**Task details**
Could you return the full listing, every line exactly as given?

**Data section**
# # #

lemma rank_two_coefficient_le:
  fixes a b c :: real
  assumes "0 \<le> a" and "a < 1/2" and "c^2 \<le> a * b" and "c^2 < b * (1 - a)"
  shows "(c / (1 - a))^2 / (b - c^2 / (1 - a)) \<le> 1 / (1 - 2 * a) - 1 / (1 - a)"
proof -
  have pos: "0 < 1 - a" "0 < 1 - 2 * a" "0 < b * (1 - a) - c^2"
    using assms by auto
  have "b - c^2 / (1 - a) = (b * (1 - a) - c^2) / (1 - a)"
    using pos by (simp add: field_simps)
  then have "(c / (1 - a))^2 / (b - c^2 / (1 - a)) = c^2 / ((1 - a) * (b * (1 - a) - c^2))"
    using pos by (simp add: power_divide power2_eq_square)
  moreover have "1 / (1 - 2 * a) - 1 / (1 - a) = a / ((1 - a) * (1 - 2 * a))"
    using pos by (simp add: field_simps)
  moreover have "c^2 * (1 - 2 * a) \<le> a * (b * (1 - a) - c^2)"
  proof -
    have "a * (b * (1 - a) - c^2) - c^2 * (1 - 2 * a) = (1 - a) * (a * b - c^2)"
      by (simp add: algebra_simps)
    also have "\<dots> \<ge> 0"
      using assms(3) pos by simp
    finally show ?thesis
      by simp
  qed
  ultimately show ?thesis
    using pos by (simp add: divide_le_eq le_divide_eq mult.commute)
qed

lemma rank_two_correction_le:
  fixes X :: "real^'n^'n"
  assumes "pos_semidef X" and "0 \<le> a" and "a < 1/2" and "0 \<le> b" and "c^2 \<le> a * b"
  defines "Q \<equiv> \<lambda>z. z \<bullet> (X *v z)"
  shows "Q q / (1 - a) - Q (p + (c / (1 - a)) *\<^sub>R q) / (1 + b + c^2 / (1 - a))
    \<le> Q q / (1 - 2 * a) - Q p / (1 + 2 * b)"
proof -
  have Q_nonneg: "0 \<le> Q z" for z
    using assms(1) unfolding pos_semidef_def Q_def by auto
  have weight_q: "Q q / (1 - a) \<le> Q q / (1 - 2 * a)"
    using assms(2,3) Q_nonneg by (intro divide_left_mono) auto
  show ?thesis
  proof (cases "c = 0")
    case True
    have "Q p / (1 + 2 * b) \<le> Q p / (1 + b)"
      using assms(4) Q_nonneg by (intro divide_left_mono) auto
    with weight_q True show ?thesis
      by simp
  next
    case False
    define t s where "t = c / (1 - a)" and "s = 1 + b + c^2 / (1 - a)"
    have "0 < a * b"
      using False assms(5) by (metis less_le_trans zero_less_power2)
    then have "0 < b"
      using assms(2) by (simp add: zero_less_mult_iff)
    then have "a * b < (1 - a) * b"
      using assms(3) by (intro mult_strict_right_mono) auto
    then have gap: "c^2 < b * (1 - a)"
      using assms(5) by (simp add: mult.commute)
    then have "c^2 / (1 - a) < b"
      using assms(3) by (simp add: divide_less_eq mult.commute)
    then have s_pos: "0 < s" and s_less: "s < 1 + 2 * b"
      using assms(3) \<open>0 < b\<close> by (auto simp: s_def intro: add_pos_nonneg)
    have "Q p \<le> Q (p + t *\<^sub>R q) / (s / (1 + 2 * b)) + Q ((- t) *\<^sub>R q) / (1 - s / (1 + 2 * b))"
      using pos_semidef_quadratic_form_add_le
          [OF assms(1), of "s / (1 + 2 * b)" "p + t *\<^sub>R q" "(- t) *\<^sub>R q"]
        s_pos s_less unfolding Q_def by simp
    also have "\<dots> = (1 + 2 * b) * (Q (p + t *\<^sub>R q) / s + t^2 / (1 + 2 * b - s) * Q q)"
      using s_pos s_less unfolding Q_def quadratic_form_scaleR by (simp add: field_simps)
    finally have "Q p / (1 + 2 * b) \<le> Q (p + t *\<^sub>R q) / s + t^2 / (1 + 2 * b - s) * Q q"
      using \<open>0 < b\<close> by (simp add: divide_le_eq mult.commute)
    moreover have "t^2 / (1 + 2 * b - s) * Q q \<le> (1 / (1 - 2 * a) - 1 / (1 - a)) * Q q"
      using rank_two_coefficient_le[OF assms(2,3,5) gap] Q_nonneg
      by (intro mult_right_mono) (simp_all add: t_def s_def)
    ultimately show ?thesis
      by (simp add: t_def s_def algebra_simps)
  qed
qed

# # #

**Problem solution**
lemma rank_two_coefficient_le:
  fixes a b c :: real
  assumes "0 \<le> a" and "a < 1/2" and "c^2 \<le> a * b" and "c^2 < b * (1 - a)"
  shows "(c / (1 - a))^2 / (b - c^2 / (1 - a)) \<le> 1 / (1 - 2 * a) - 1 / (1 - a)"
proof -
  have pos: "0 < 1 - a" "0 < 1 - 2 * a" "0 < b * (1 - a) - c^2"
    using assms by auto
  have "b - c^2 / (1 - a) = (b * (1 - a) - c^2) / (1 - a)"
    using pos by (simp add: field_simps)
  then have "(c / (1 - a))^2 / (b - c^2 / (1 - a)) = c^2 / ((1 - a) * (b * (1 - a) - c^2))"
    using pos by (simp add: power_divide power2_eq_square)
  moreover have "1 / (1 - 2 * a) - 1 / (1 - a) = a / ((1 - a) * (1 - 2 * a))"
    using pos by (simp add: field_simps)
  moreover have "c^2 * (1 - 2 * a) \<le> a * (b * (1 - a) - c^2)"
  proof -
    have "a * (b * (1 - a) - c^2) - c^2 * (1 - 2 * a) = (1 - a) * (a * b - c^2)"
      by (simp add: algebra_simps)
    also have "\<dots> \<ge> 0"
      using assms(3) pos by simp
    finally show ?thesis
      by simp
  qed
  ultimately show ?thesis
    using pos by (simp add: divide_le_eq le_divide_eq mult.commute)
qed

lemma rank_two_correction_le:
  fixes X :: "real^'n^'n"
  assumes "pos_semidef X" and "0 \<le> a" and "a < 1/2" and "0 \<le> b" and "c^2 \<le> a * b"
  defines "Q \<equiv> \<lambda>z. z \<bullet> (X *v z)"
  shows "Q q / (1 - a) - Q (p + (c / (1 - a)) *\<^sub>R q) / (1 + b + c^2 / (1 - a))
    \<le> Q q / (1 - 2 * a) - Q p / (1 + 2 * b)"
proof -
  have Q_nonneg: "0 \<le> Q z" for z
    using assms(1) unfolding pos_semidef_def Q_def by auto
  have weight_q: "Q q / (1 - a) \<le> Q q / (1 - 2 * a)"
    using assms(2,3) Q_nonneg by (intro divide_left_mono) auto
  show ?thesis
  proof (cases "c = 0")
    case True
    have "Q p / (1 + 2 * b) \<le> Q p / (1 + b)"
      using assms(4) Q_nonneg by (intro divide_left_mono) auto
    with weight_q True show ?thesis
      by simp
  next
    case False
    define t s where "t = c / (1 - a)" and "s = 1 + b + c^2 / (1 - a)"
    have "0 < a * b"
      using False assms(5) by (metis less_le_trans zero_less_power2)
    then have "0 < b"
      using assms(2) by (simp add: zero_less_mult_iff)
    then have "a * b < (1 - a) * b"
      using assms(3) by (intro mult_strict_right_mono) auto
    then have gap: "c^2 < b * (1 - a)"
      using assms(5) by (simp add: mult.commute)
    then have "c^2 / (1 - a) < b"
      using assms(3) by (simp add: divide_less_eq mult.commute)
    then have s_pos: "0 < s" and s_less: "s < 1 + 2 * b"
      using assms(3) \<open>0 < b\<close> by (auto simp: s_def intro: add_pos_nonneg)
    have "Q p \<le> Q (p + t *\<^sub>R q) / (s / (1 + 2 * b)) + Q ((- t) *\<^sub>R q) / (1 - s / (1 + 2 * b))"
      using pos_semidef_quadratic_form_add_le
          [OF assms(1), of "s / (1 + 2 * b)" "p + t *\<^sub>R q" "(- t) *\<^sub>R q"]
        s_pos s_less unfolding Q_def by simp
    also have "\<dots> = (1 + 2 * b) * (Q (p + t *\<^sub>R q) / s + t^2 / (1 + 2 * b - s) * Q q)"
      using s_pos s_less unfolding Q_def quadratic_form_scaleR by (simp add: field_simps)
    finally have "Q p / (1 + 2 * b) \<le> Q (p + t *\<^sub>R q) / s + t^2 / (1 + 2 * b - s) * Q q"
      using \<open>0 < b\<close> by (simp add: divide_le_eq mult.commute)
    moreover have "t^2 / (1 + 2 * b - s) * Q q \<le> (1 / (1 - 2 * a) - 1 / (1 - a)) * Q q"
      using rank_two_coefficient_le[OF assms(2,3,5) gap] Q_nonneg
      by (intro mult_right_mono) (simp_all add: t_def s_def)
    ultimately show ?thesis
      by (simp add: t_def s_def algebra_simps)
  qed
qed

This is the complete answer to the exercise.